Previously, used a regexp to find and convert named entities in the content.
Now use a more efficient algorithm.
Similar tweak for converting NCRs before checking whether text is valid utf-8.
Sam Ruby has been doing a bang-up job fixing the bugs in REXML.
Who knows when these improvements will trickle down to vendor distributions of Ruby.
In the meantime, let's bundle the latest version of REXML with Instiki.
We check the version number of the bundled REXML against that of the System REXML, and use whichever is later.
Upgraded to Rails 2.0.2, except that we maintain
vendor/rails/actionpack/lib/action_controller/routing.rb
from Rail 1.2.6 (at least for now), so that Routes don't change. We still
get to enjoy Rails's many new features.
Also fixed a bug in Chunk-handling: disable WikiWord processing in tags (for real this time).

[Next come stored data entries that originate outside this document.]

lemma pa_definable_ex:
  assumes "pa_definable N P"
  shows "pa_definable N (\<lambda>\<sigma>. \<exists>x\<in>Mdom N. P (\<sigma>(v := x)))"
proof -
  obtain \<chi> where \<chi>: "\<forall>\<sigma>. range \<sigma> \<subseteq> Mdom N \<longrightarrow> (pholds N \<sigma> \<chi> \<longleftrightarrow> P \<sigma>)"
    using assms unfolding pa_definable_def by blast
  have "pholds N \<sigma> (PEx v \<chi>) = (\<exists>x\<in>Mdom N. P (\<sigma>(v := x)))" if "range \<sigma> \<subseteq> Mdom N" for \<sigma>
    using \<chi> range_fun_upd_subset[OF that] by auto
  then show ?thesis unfolding pa_definable_def by blast
qed

lemma pa_definable_all: "pa_definable N P \<Longrightarrow> pa_definable N (\<lambda>\<sigma>. \<forall>x\<in>Mdom N. P (\<sigma>(v := x)))"
  by (rule pa_definable_cong[OF pa_definable_not[OF pa_definable_ex[OF pa_definable_not]]]) auto

lemma pa_definable_const: "pa_definable N (\<lambda>\<sigma>. b)"
  by (cases b) (auto intro: pa_definable_cong[OF pa_definable_eq[of N P0 P0]]
      pa_definable_cong[OF pa_definable_not[OF pa_definable_eq[of N P0 P0]]])

lemma pa_definable_finite_bex:
  "finite A \<Longrightarrow> (\<And>a. a \<in> A \<Longrightarrow> pa_definable N (P a)) \<Longrightarrow> pa_definable N (\<lambda>\<sigma>. \<exists>a\<in>A. P a \<sigma>)"
proof (induct A rule: finite_induct)
  case empty
  then show ?case using pa_definable_const[of N False] by simp
next
  case (insert x F)
  then have "pa_definable N (\<lambda>\<sigma>. P x \<sigma> \<or> (\<exists>a\<in>F. P a \<sigma>))" by (intro pa_definable_disj) auto
  then show ?case by simp
qed

definition pa_definable_op :: "('a, 'b) lstruct_scheme \<Rightarrow> ('a \<Rightarrow> 'a \<Rightarrow> 'a) \<Rightarrow> bool" where
  "pa_definable_op N f \<longleftrightarrow> (\<forall>w a b. pa_definable N (\<lambda>\<sigma>. \<sigma> w = f (\<sigma> a) (\<sigma> b)))"

lemma pa_definable_op_add: "pa_definable_op N (Madd N)"
  unfolding pa_definable_op_def using pa_definable_eq[of N "PVar _" "PAdd (PVar _) (PVar _)"] by simp

lemma pa_definable_op_mul: "pa_definable_op N (Mmul N)"
  unfolding pa_definable_op_def using pa_definable_eq[of N "PVar _" "PMul (PVar _) (PVar _)"] by simp

lemma pa_definable_le: "pa_definable N (\<lambda>\<sigma>. pa_le N (\<sigma> a) (\<sigma> b))"
proof -
  obtain c :: nat where c: "c \<notin> {a, b}"
    using ex_new_if_finite[OF infinite_UNIV_nat, of "{a, b}"] by auto
  have "pa_definable N (\<lambda>\<sigma>. \<exists>x\<in>Mdom N.
      (\<lambda>\<sigma>. peval N \<sigma> (PAdd (PVar a) (PVar c)) = peval N \<sigma> (PVar b)) (\<sigma>(c := x)))"
    by (rule pa_definable_ex[OF pa_definable_eq])
  then show ?thesis
    by (rule pa_definable_cong) (use c in \<open>auto simp: pa_le_def\<close>)
qed
definition covD :: "('v \<Rightarrow> 'v \<Rightarrow> 'v \<Rightarrow> 'v) \<Rightarrow> 'v \<Rightarrow> ('v::{real_vector,t2_space} \<Rightarrow> 'v) \<Rightarrow> 'v \<Rightarrow> 'v" where
  "covD A \<xi> \<phi> v = dd \<phi> v \<xi> + A v \<xi> (\<phi> v)"

text \<open>A v \<xi> w stands for A(v,\<xi>)w.\<close>
definition levi_civita :: "'v::{real_vector,t2_space} set \<Rightarrow> ('v \<Rightarrow> 'v \<Rightarrow> 'v \<Rightarrow> real)
      \<Rightarrow> ('v \<Rightarrow> 'v \<Rightarrow> 'v \<Rightarrow> 'v) \<Rightarrow> bool" where
  "levi_civita \<Omega> g A \<longleftrightarrow>
     (\<forall>v\<in>\<Omega>. \<forall>\<xi>. linear (A v \<xi>) \<and> continuous_on UNIV (A v \<xi>)) \<and>
     (\<forall>v\<in>\<Omega>. \<forall>w. linear (\<lambda>\<xi>. A v \<xi> w)) \<and>
     continuous_on (\<Omega> \<times> UNIV \<times> UNIV) (\<lambda>(v, \<xi>, w). A v \<xi> w) \<and>
     (\<forall>v\<in>\<Omega>. \<forall>\<xi> \<eta>. A v \<xi> \<eta> = A v \<eta> \<xi>) \<and>
     (\<forall>\<xi> \<phi> \<psi>. C1_on \<Omega> \<phi> \<and> C1_on \<Omega> \<psi> \<longrightarrow>
        (\<forall>v\<in>\<Omega>. ((\<lambda>t::real. (g (v + t *\<^sub>R \<xi>) (\<phi> (v + t *\<^sub>R \<xi>)) (\<psi> (v + t *\<^sub>R \<xi>))
                               - g v (\<phi> v) (\<psi> v)) / t)
                 \<longlongrightarrow> g v (covD A \<xi> \<phi> v) (\<psi> v) + g v (\<phi> v) (covD A \<xi> \<psi> v)) (at 0)))"

definition curv :: "('v::{real_vector,t2_space} \<Rightarrow> 'v \<Rightarrow> 'v \<Rightarrow> 'v) \<Rightarrow> 'v \<Rightarrow> 'v \<Rightarrow> 'v \<Rightarrow> 'v \<Rightarrow> 'v" where
  "curv A v \<xi> \<eta> w = dd (\<lambda>u. A u \<eta> w) v \<xi> - dd (\<lambda>u. A u \<xi> w) v \<eta>
                      + A v \<xi> (A v \<eta> w) - A v \<eta> (A v \<xi> w)"

definition covD_curve :: "('v \<Rightarrow> 'v \<Rightarrow> 'v \<Rightarrow> 'v) \<Rightarrow> real set \<Rightarrow> (real \<Rightarrow> 'v::{real_vector,t2_space})
      \<Rightarrow> (real \<Rightarrow> 'v) \<Rightarrow> real \<Rightarrow> 'v" where
  "covD_curve A J x \<phi> t = vderiv J \<phi> t + A (x t) (vderiv J x t) (\<phi> t)"

definition geodesic :: "'v::{real_vector,t2_space} set \<Rightarrow> ('v \<Rightarrow> 'v \<Rightarrow> 'v \<Rightarrow> 'v) \<Rightarrow> real set
      \<Rightarrow> (real \<Rightarrow> 'v) \<Rightarrow> bool" where
  "geodesic \<Omega> A I x \<longleftrightarrow> C2_curve I x \<and> x ` I \<subseteq> \<Omega> \<and>
     (\<forall>t\<in>I. covD_curve A I x (vderiv I x) t = 0)"

definition jacobi_field :: "('v::{real_vector,t2_space} \<Rightarrow> 'v \<Rightarrow> 'v \<Rightarrow> 'v) \<Rightarrow> (real \<Rightarrow> 'v) \<Rightarrow> real set
      \<Rightarrow> (real \<Rightarrow> 'v) \<Rightarrow> bool" where
  "jacobi_field A x J \<phi> \<longleftrightarrow> C2_curve J \<phi> \<and>
     (\<forall>t\<in>J. covD_curve A J x (covD_curve A J x \<phi>) t
              = curv A (x t) (vderiv J x t) (\<phi> t) (vderiv J x t))"

end

(* For f = g(x, \<xi>, \<eta>), compatibility of D with the metric gives f' = g(D\<xi>, \<eta>) + g(\<xi>, D\<eta>).
   At \<tau>, where \<eta> vanishes, the first term has derivative g(D\<xi>, \<eta>') without any derivative
   of D\<xi> being needed, and the second has derivative g(D\<xi>, D\<eta>) + g(\<xi>, D\<^sup>2\<eta>) with
   D\<eta>(\<tau>) = \<eta>'(\<tau>) and D\<^sup>2\<eta>(\<tau>) = R(x, x', \<eta>(\<tau>))x' = 0. So f''(\<tau>) = 2 g(D\<xi>(\<tau>), \<eta>'(\<tau>)),
   and density of the \<eta>'(\<tau>) together with continuity of g(x(\<tau>), D\<xi>(\<tau>), -) gives the equivalence. *)

theory Submission
  imports Defs
begin

section \<open>Continuity of the vector operations\<close>

definition continuous_vector_ops :: "'a::{real_vector,t2_space} itself \<Rightarrow> bool" where
  "continuous_vector_ops _ \<longleftrightarrow> continuous_on UNIV (\<lambda>p::'a \<times> 'a. fst p + snd p) \<and>
     continuous_on UNIV (\<lambda>p::real \<times> 'a. fst p *\<^sub>R snd p)"

lemma lcs_type_continuous_vector_ops:
  "lcs_type TYPE('a::{real_vector,t2_space}) \<Longrightarrow> continuous_vector_ops TYPE('a)"
  unfolding lcs_type_def continuous_vector_ops_def by blast

lemma tendsto_add_vector_ops:
  assumes "continuous_vector_ops TYPE('a::{real_vector,t2_space})"
    and "(f \<longlongrightarrow> a) F" "(g \<longlongrightarrow> b) F"
  shows "((\<lambda>k. f k + g k :: 'a) \<longlongrightarrow> a + b) F"
proof -
  have "isCont (\<lambda>p::'a \<times> 'a. fst p + snd p) (a, b)"
    using assms(1) unfolding continuous_vector_ops_def by (simp add: continuous_on_eq_continuous_at)
  from isCont_tendsto_compose[OF this tendsto_Pair[OF assms(2,3)]] show ?thesis by simp
qed

lemma tendsto_scaleR_vector_ops:
  assumes "continuous_vector_ops TYPE('a::{real_vector,t2_space})"
    and "(f \<longlongrightarrow> a) F" "(g \<longlongrightarrow> b) F"
  shows "((\<lambda>k. f k *\<^sub>R g k :: 'a) \<longlongrightarrow> a *\<^sub>R b) F"
proof -
  have "isCont (\<lambda>p::real \<times> 'a. fst p *\<^sub>R snd p) (a, b)"
    using assms(1) unfolding continuous_vector_ops_def by (simp add: continuous_on_eq_continuous_at)
  from isCont_tendsto_compose[OF this tendsto_Pair[OF assms(2,3)]] show ?thesis by simp
qed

Create a test case for utf-8 bug reported by Diego Restrepo. Seems to be related to WikiWord chunk handling.
Add some other tests, and fix a minor bug in vendor/plugins/maruku/lib/maruku/ext/math/latex_fix.rb.
OK. This is a better way: define a custom TreeWalker which converts named entities to utf-8 as it goes. This avoids having to do an extra tree traversal in sanitize_rexml, AND avoids the trainwreck that is html5/inputstream.rb.
My REXML::Element.to_ncr (and REXML::Element.to_utf8) is horribly slow. For long documents, it proves more efficient to serialize to a string, apply String.to_ncr (or String.to_utf8) and then Sanitize the string.
Apparently, the form_spam_protect plugin only works with HTTP POST, not GET.
Unsafe operations (save and file-upload) should be POSTs anyway.
Fixed.
Also, two broken tests fixed. Only two Unit Tests now fail: both are minor bugs in XHTMLDiff.
In preparation for adding new tests, let's fix the existing ones.
3 Unit tests and one Functional test still fail.
* Two unit tests are bugs in xhtmldiff
* One is a bug in Maruku
* A file upload functional test fails, for reasons that escape me.